T Lymphocytes Potentiate Murine Dendritic Cells to Produce IL-12

Abstract

IL-12 is mainly produced by CD8α+ dendritic cells (DCs) and induces Th1 polarization of the immune response. We investigated the influence of lymphocytes on splenic DC (SDC) and thymic DC (TDC) development and on their IL-12 production capacity. First, CD3ε−/− mice, lacking T cells, and RAG-2−/− mice, lacking T and B cells, possess numbers of SDCs, TDCs, and CD8α+ SDCs similar to wild-type (WT) mice. Second, SDCs and TDCs from CD3ε−/− mice do not secrete IL-12 in vitro after different stimulations, whereas DCs from pTα−/− mice, possessing reduced T cell number, and RAG-2−/− mice, produce an IL-12 level similar to that of WT DCs. We show that T lymphocytes restore the capacity of DCs to produce IL-12 after stimulation in vivo by reconstitution of CD3ε−/− mice with WT T cells and in vitro by coculture of CD3ε−/− DCs with WT T cells.

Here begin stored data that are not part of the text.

lemma delivery_cyclic:
  fixes h :: "complex^'l::finite^'k::finite" and e :: "'k \<Rightarrow> nat \<times> nat"
  assumes "generic_channel h" and "\<forall>k. d k < N"
    and e: "bij_betw e UNIV ({..<K} \<times> {..<g})" and "L * g = CARD('l)"
  shows "\<exists>V. correct_delivery N K ((n - 1) * K) (placement N e) h d V"
proof -
  define srv where "srv \<tau> = {u. served (\<tau> div K) (\<tau> mod K) (fst (e u))}" for \<tau>
  define sub where "sub \<tau> u = subfile (\<tau> div K) (\<tau> mod K) (fst (e u))" for \<tau> u
  have round: "\<tau> div K < n - 1" if "\<tau> < (n - 1) * K" for \<tau>
    using that by (simp add: less_mult_imp_div_less)
  have group: "fst (e u) < K" for u
    using bij_betw_apply[OF e UNIV_I] by (auto simp: mem_Times_iff)
  have "L \<le> K"
    using back_start_bounds(2)[of 0] two_le_n by simp
  then have "CARD('l) \<le> CARD('k)"
    using bij_betw_same_card[OF e] assms(4) mult_le_mono1[of L K g] by (simp add: card_cartesian_product)
  moreover have "(d u, sub \<tau> u) \<notin> placement N e u" if "\<tau> < (n - 1) * K" "u \<in> srv \<tau>" for \<tau> u
    using served_not_caches[OF round] that by (simp add: placement_def srv_def sub_def)
  moreover have "card {x \<in> srv \<tau>. (d u, sub \<tau> u) \<notin> placement N e x} \<le> CARD('l)"
    if "\<tau> < (n - 1) * K" "u \<in> srv \<tau>" for \<tau> u
  proof -
    define A where "A = {G \<in> {..<K}. served (\<tau> div K) (\<tau> mod K) G \<and> \<not> caches G (sub \<tau> u)}"
    have "{x \<in> srv \<tau>. (d u, sub \<tau> u) \<notin> placement N e x} = {x. fst (e x) \<in> A}"
      using assms(2) group by (auto simp: A_def placement_def srv_def sub_def subfile_def behind_less)
    also have "card \<dots> = card A * g"
      by (subst card_preimage_fst_bij_betw[OF e]) (auto simp: A_def)
    also have "\<dots> \<le> L * g"
      using card_interferers[OF round] that by (simp add: A_def srv_def sub_def)
    finally show ?thesis
      using assms(4) by simp
  qed
  moreover have "\<exists>\<tau><(n - 1) * K. k \<in> srv \<tau> \<and> sub \<tau> k = f"
    if "f < K" "(d k, f) \<notin> placement N e k" for k f
    using that assms(2) exists_transmission_delivering[of f "fst (e k)"]
    by (simp add: placement_def srv_def sub_def) blast
  ultimately show ?thesis
    by (rule zero_forcing_delivery[OF assms(1) _ assms(2)])
qed

end

section \<open>Reduction by the greatest common divisor\<close>

lemma delivery_time_eq:
  fixes K n t L :: nat
  assumes "K = n * t + (n - 1) * L" and "1 \<le> n" and "0 < t + L"
  shows "real (K - t) / real (t + L) = real n - 1"
proof -
  have "K - t = (n - 1) * (t + L)"
    using assms(1,2) by (cases n) (simp_all add: algebra_simps)
  moreover have "0 < real (t + L)"
    using assms(3) by (simp only: of_nat_0_less_iff)
  ultimately show ?thesis
    using assms(2) by (simp add: of_nat_diff field_simps)
qed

The regulation of IL-12 production occurred at the transcriptional level, with an increase of IL-12p35 transcripts and a decrease of IL-12p40 transcripts. Although IL-4 restores IL-12 production by CD3ε−/− SDCs, anti-IL-4 Abs inhibited only partially the IL-12 production in coculture of CD3ε−/− DCs and WT T cells. Taken together, these data show that T lymphocytes potentiate IL-12 production by DCs and that IL-4 is not solely involved in this regulation. In conclusion, B and T cells exert balanced actions on DCs by respectively inhibiting or promoting IL-12 production.